I am trying to decode and process protobuf-encoded MQTT messages (from an Eclipse Mosquitto broker) using Apache Beam. In addition to the encoded fields, I also want to process the full topic of each message for grouping and aggregations, as well as the timestamp.
What I have tried so far
I can connect to Mosquitto via
val options = PipelineOptionsFactory.create()
val pipeline = Pipeline.create(options)
val mqttReader: MqttIO.Read = MqttIO
.read()
.withConnectionConfiguration(
MqttIO.ConnectionConfiguration.create(
"tcp://localhost:1884",
"my/topic/+"
)
)
val readMessages = pipeline.apply<PCollection<ByteArray>>(mqttReader)

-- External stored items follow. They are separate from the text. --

lemma bounded_iff_hchar_bounded:
  assumes "\<And>m. hyperbolic (z m)"
  shows "(\<exists>B. \<forall>m\<ge>1. tc_norm (z m) \<le> B) \<longleftrightarrow>
    (\<forall>s\<in>{-1, 1}. \<forall>t\<in>{-1, 1}. \<exists>B. \<forall>m\<ge>1. \<bar>hchar s t (z m)\<bar> \<le> B)"
proof
  assume "\<exists>B. \<forall>m\<ge>1. tc_norm (z m) \<le> B"
  then obtain B where "\<And>m. m \<ge> 1 \<Longrightarrow> tc_norm (z m) \<le> B" by blast
  then show "\<forall>s\<in>{-1, 1}. \<forall>t\<in>{-1, 1}. \<exists>B. \<forall>m\<ge>1. \<bar>hchar s t (z m)\<bar> \<le> B"
    using hchar_le_norm[OF _ _ assms] by (meson order_trans mult_left_mono zero_le_numeral)
next
  assume bounded: "\<forall>s\<in>{-1, 1}. \<forall>t\<in>{-1, 1}. \<exists>B. \<forall>m\<ge>1. \<bar>hchar s t (z m)\<bar> \<le> B"
  obtain B1 where B1: "\<forall>m\<ge>1. \<bar>hchar 1 1 (z m)\<bar> \<le> B1" using bounded by auto
  obtain B2 where B2: "\<forall>m\<ge>1. \<bar>hchar 1 (-1) (z m)\<bar> \<le> B2" using bounded by auto
  obtain B3 where B3: "\<forall>m\<ge>1. \<bar>hchar (-1) 1 (z m)\<bar> \<le> B3" using bounded by auto
  obtain B4 where B4: "\<forall>m\<ge>1. \<bar>hchar (-1) (-1) (z m)\<bar> \<le> B4" using bounded by auto
  have "tc_norm (z m) \<le> B1 + B2 + B3 + B4" if "m \<ge> 1" for m
    using norm_le_sum_hchar[OF assms, of m] B1 B2 B3 B4 that by fastforce
  then show "\<exists>B. \<forall>m\<ge>1. tc_norm (z m) \<le> B" by blast
qed

section \<open>Bounded orbits of the real cubic\<close>

(* The critical point q = 1/sqrt 3 of x^3 - x and the critical value 2 q^3 = 2/(3 sqrt 3). *)
lemma critical_point:
  "1 / sqrt 3 > 0" "3 * (1 / sqrt 3) ^ 2 = 1" "2 / (3 * sqrt 3) = 2 * (1 / sqrt 3) ^ 3"
proof -
  show "1 / sqrt 3 > 0" by simp
  show "3 * (1 / sqrt 3) ^ 2 = 1" by (simp add: power_divide)
  have "sqrt 3 ^ 3 = 3 * sqrt 3" by (simp add: power3_eq_cube power2_eq_square[symmetric])
  then show "2 / (3 * sqrt 3) = 2 * (1 / sqrt 3) ^ 3" by (simp add: power_divide)
qed

(* For |a| <= 2 q^3 the interval [-q, q] is invariant, since q^3 + 2 q^3 = q. *)
lemma cubic_orbit_small:
  assumes q: "q > 0" "3 * q ^ 2 = 1" and a: "\<bar>a\<bar> \<le> 2 * q ^ 3"
  shows "\<bar>cubic_orbit a m\<bar> \<le> q"
proof (induction m)
  case 0
  then show ?case using q by simp
next
  case (Suc m)
  have "\<bar>cubic_orbit a m\<bar> ^ 3 \<le> q ^ 3" using Suc by (intro power_mono) auto
  moreover have "\<bar>cubic_orbit a m ^ 3 + a\<bar> \<le> \<bar>cubic_orbit a m\<bar> ^ 3 + \<bar>a\<bar>"
    by (metis abs_triangle_ineq power_abs)
  moreover have "q ^ 3 + 2 * q ^ 3 = q * (3 * q ^ 2)"
    by (simp add: power3_eq_cube power2_eq_square algebra_simps)
  then have "q ^ 3 + 2 * q ^ 3 = q" using q(2) by simp
  ultimately show ?case using a q(2) unfolding cubic_orbit_Suc by linarith
qed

In order to decode the messages, I have compiled the .proto
schema (in my case quote.proto
containing the Quote
message) via Gradle, which allows my to transform ByteArray
into Quote
objects via Quote.parseFrom()
:
val quotes = readMessages
.apply(
ParDo.of(object : DoFn<ByteArray, QuoteOuterClass.Quote>() {
@ProcessElement
fun processElement(context: ProcessContext) {
val protoRow = context.element()
context.output(QuoteOuterClass.Quote.parseFrom(protoRow))
}
})
)
Using this, in the next apply
, I can then access individual fields with a ProcessFunction and a lambda, e.g. { quote -> "${quote.volume}" }
. However, there are two problems:
- With this pipeline I do not have access to the topic or timestamp of each message.

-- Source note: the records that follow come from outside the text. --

(* Let $a$ and $b$ be positive integers. There exists a graph $G$ with $\gamma^{LD}(G)=a$ and $\gamma^{DLD}(G)=b$ if and only if $$0\le b-a\le 2^a-1-\binom{a}{\lceil a/2\rceil}.$$
   Context: Graphs are finite, simple and undirected, and need not be connected. For a vertex $u$, $N(u)$ is its set of neighbours and $N[u]=N(u)\cup\{u\}$. A code is a non-empty subset $C$ of the vertex set $V$; $I(C;u)=N[u]\cap C$. A code $C$ is locating-dominating if for all distinct $u,v\in V\setminus C$ we have $I(C;u)\neq\emptyset$ and $I(C;u)\ne I(C;v)$. A code $C$ is solid-locating-dominating if $I(C;u)\ne\emptyset$ for every $u\in V\setminus C$ and $I(C;u)\not\subseteq I(C;v)$ for all distinct $u,v\in V\setminus C$. $\gamma^{LD}(G)$ and $\gamma^{DLD}(G)$ are the minimum sizes of a locating-dominating and a solid-locating-dominating code in $G$. *)

theory Defs
  imports Main
begin

definition simple_graph :: "'a set \<Rightarrow> ('a \<Rightarrow> 'a \<Rightarrow> bool) \<Rightarrow> bool" where
  "simple_graph V E \<longleftrightarrow> finite V \<and> (\<forall>u v. E u v \<longrightarrow> u \<in> V \<and> v \<in> V)
     \<and> (\<forall>u v. E u v \<longrightarrow> E v u) \<and> (\<forall>u. \<not> E u u)"

definition closed_nbhd :: "'a set \<Rightarrow> ('a \<Rightarrow> 'a \<Rightarrow> bool) \<Rightarrow> 'a \<Rightarrow> 'a set" where
  "closed_nbhd V E u = {v \<in> V. E u v} \<union> {u}"

definition I_set :: "'a set \<Rightarrow> ('a \<Rightarrow> 'a \<Rightarrow> bool) \<Rightarrow> 'a set \<Rightarrow> 'a \<Rightarrow> 'a set" where
  "I_set V E C u = closed_nbhd V E u \<inter> C"

definition is_code :: "'a set \<Rightarrow> 'a set \<Rightarrow> bool" where
  "is_code V C \<longleftrightarrow> C \<subseteq> V \<and> C \<noteq> {}"

definition locating_dominating :: "'a set \<Rightarrow> ('a \<Rightarrow> 'a \<Rightarrow> bool) \<Rightarrow> 'a set \<Rightarrow> bool" where
  "locating_dominating V E C \<longleftrightarrow> is_code V C
     \<and> (\<forall>u \<in> V - C. I_set V E C u \<noteq> {})
     \<and> (\<forall>u \<in> V - C. \<forall>v \<in> V - C. u \<noteq> v \<longrightarrow> I_set V E C u \<noteq> I_set V E C v)"

definition solid_locating_dominating :: "'a set \<Rightarrow> ('a \<Rightarrow> 'a \<Rightarrow> bool) \<Rightarrow> 'a set \<Rightarrow> bool" where
  "solid_locating_dominating V E C \<longleftrightarrow> is_code V C
     \<and> (\<forall>u \<in> V - C. I_set V E C u \<noteq> {})
     \<and> (\<forall>u \<in> V - C. \<forall>v \<in> V - C. u \<noteq> v \<longrightarrow> \<not> (I_set V E C u \<subseteq> I_set V E C v))"

definition gamma_LD :: "'a set \<Rightarrow> ('a \<Rightarrow> 'a \<Rightarrow> bool) \<Rightarrow> nat" where
  "gamma_LD V E = (LEAST k. \<exists>C. locating_dominating V E C \<and> card C = k)"

definition gamma_DLD :: "'a set \<Rightarrow> ('a \<Rightarrow> 'a \<Rightarrow> bool) \<Rightarrow> nat" where
  "gamma_DLD V E = (LEAST k. \<exists>C. solid_locating_dominating V E C \<and> card C = k)"

end

theory Submission
  imports Defs "HOL.Binomial_Plus"
begin

text \<open>
  Necessity: let \<open>C\<close> be an optimal locating-dominating code, \<open>a = |C|\<close> and
  \<open>k = \<lceil>a/2\<rceil>\<close>. The sets \<open>I(C;u)\<close> of the vertices outside \<open>C\<close> are distinct
  and non-empty; adding to \<open>C\<close> every vertex whose set has size \<open>\<noteq> k\<close> leaves
  only vertices whose sets are distinct \<open>k\<close>-subsets of \<open>C\<close>, hence pairwise
  incomparable, so the result is solid and has at most \<open>a + 2^a - 1 - C(a,k)\<close>
  elements.

  Sufficiency: take the bipartite incidence graph between \<open>{0..<a}\<close> and a
  family \<open>F\<close> of non-empty subsets containing all singletons. Its
  locating-dominating number is \<open>a\<close>. If \<open>M \<subseteq> F\<close> is an antichain and no
  solid code leaves more than \<open>|M|\<close> vertices outside, then
  \<open>{0..<a} \<union> (F - M)\<close> is an optimal solid code, of size \<open>a + |F| - |M|\<close>.
  The set-vertices outside a solid code have pairwise incomparable non-empty
  traces on the indices inside it, so by Sperner's theorem at most
  \<open>C(a,\<lfloor>a/2\<rfloor>)\<close> vertices lie outside; so for \<open>b - a \<ge> a\<close> let \<open>F\<close>
  consist of \<open>M\<close> = all \<open>\<lceil>a/2\<rceil>\<close>-subsets and \<open>b - a\<close> further sets (the singletons among them). For
  \<open>b - a < a\<close> let \<open>F\<close> consist of \<open>M\<close> = the singletons and a chain of \<open>b - a\<close>
  further sets; then at most \<open>a\<close> vertices lie outside a solid code.
\<close>

subsection \<open>Sperner's theorem\<close>

lemma LYM_inequality:
  assumes "finite X" "\<A> \<subseteq> Pow X" "\<forall>A\<in>\<A>. \<forall>B\<in>\<A>. A \<subseteq> B \<longrightarrow> A = B"
  shows "(\<Sum>A\<in>\<A>. fact (card A) * fact (card X - card A)) \<le> (fact (card X) :: nat)"
  using assms
proof (induction "card X" arbitrary: X \<A>)
  case 0
  then have "\<A> = {} \<or> \<A> = {{}}" by auto
  with 0 show ?case by auto
next
  case (Suc m X \<A>)
  have fin: "finite \<A>" using Suc.prems(1,2) by (meson finite_Pow_iff finite_subset)
  show ?case
  proof (cases "X \<in> \<A>")
    case True
    then have "\<A> = {X}" using Suc.prems by blast
    then show ?thesis by simp
  next
    case False
    define h :: "'a set \<Rightarrow> nat" where "h A = fact (card A) * fact (m - card A)" for A
    have weight: "fact (card A) * fact (card X - card A) = card (X - A) * h A" if "A \<in> \<A>" for A
    proof -
      have "A \<subset> X" using that False Suc.prems by blast
      then have "card A < card X" "card (X - A) = card X - card A"
        using Suc.prems(1) by (auto simp: psubset_card_mono card_Diff_subset finite_subset)
      then have "card X - card A = Suc (m - card A)" "card (X - A) = Suc (m - card A)"
        using Suc.hyps(2) by auto
      then show ?thesis unfolding h_def by (simp add: algebra_simps)
    qed
    \<comment> \<open>double counting the pairs \<open>(x, A)\<close> with \<open>x \<notin> A\<close>\<close>
    have "(\<Sum>A\<in>\<A>. fact (card A) * fact (card X - card A)) = (\<Sum>A\<in>\<A>. card (X - A) * h A)"
      using weight by (rule sum.cong[OF refl])
    also have "\<dots> = (\<Sum>A\<in>\<A>. \<Sum>x\<in>X. if x \<notin> A then h A else 0)"
      using Suc.prems(1) by (intro sum.cong refl) (simp add: sum.If_cases Diff_eq Compl_eq)
    also have "\<dots> = (\<Sum>x\<in>X. \<Sum>A\<in>{A\<in>\<A>. x \<notin> A}. h A)"
      by (subst sum.swap) (simp add: fin sum.inter_filter)
    also have "\<dots> \<le> (\<Sum>x\<in>X. fact m)"
    proof (rule sum_mono)
      fix x assume x: "x \<in> X"
      have m: "m = card (X - {x})" using x Suc by simp
      have "(\<Sum>A\<in>{A\<in>\<A>. x \<notin> A}. fact (card A) * fact (card (X - {x}) - card A))
              \<le> (fact (card (X - {x})) :: nat)"
        by (rule Suc.hyps(1)[OF m]) (use Suc.prems in auto)
      then show "(\<Sum>A\<in>{A\<in>\<A>. x \<notin> A}. h A) \<le> fact m" using m unfolding h_def by simp
    qed
    also have "\<dots> = fact (card X)" using Suc.hyps(2)[symmetric] by simp
    finally show ?thesis .
  qed
qed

- After sending the decoded messages back to the broker with plain UTF8 encoding, I believe that they do not get decoded correctly.
Additional considerations
- Apache Beam provides a
ProtoCoder
class, but I cannot figure out how to use it in conjunction with MqttIO. I suspect that the implementation has to look similar to
val coder = ProtoCoder
.of(QuoteOuterClass.Quote::class.java)
.withExtensionsFrom(QuoteOuterClass::class.java)
Instead of a
PCollection<ByteArray>
, the Kafka IO reader provides aPCollection<KafkaRecord<Long, String>>
, which has all the relevant fields (including topic). I am wondering if something similar can be achieved with Mqtt + ProtoBuf.A similar implementation to what I want to achieve can be done in Spark Structured Streaming + Apache Bahir as follows:
val df_mqttStream = spark.readStream
.format("org.apache.bahir.sql.streaming.mqtt.MQTTStreamSourceProvider")
.option("topic", topic)
.load(brokerUrl)
val parsePayload = ProtoSQL.udf { bytes: Array[Byte] => Quote.parseFrom(bytes) }
val quotesDS = df_mqttStream.select("id", "topic", "payload")
.withColumn("quote", parsePayload($"payload"))
.select("id", "topic", "quote.*")
However, with Spark 2.4 (the latest supported version), accessing the message topic is broken (related issue, my ticket in Apache Jira).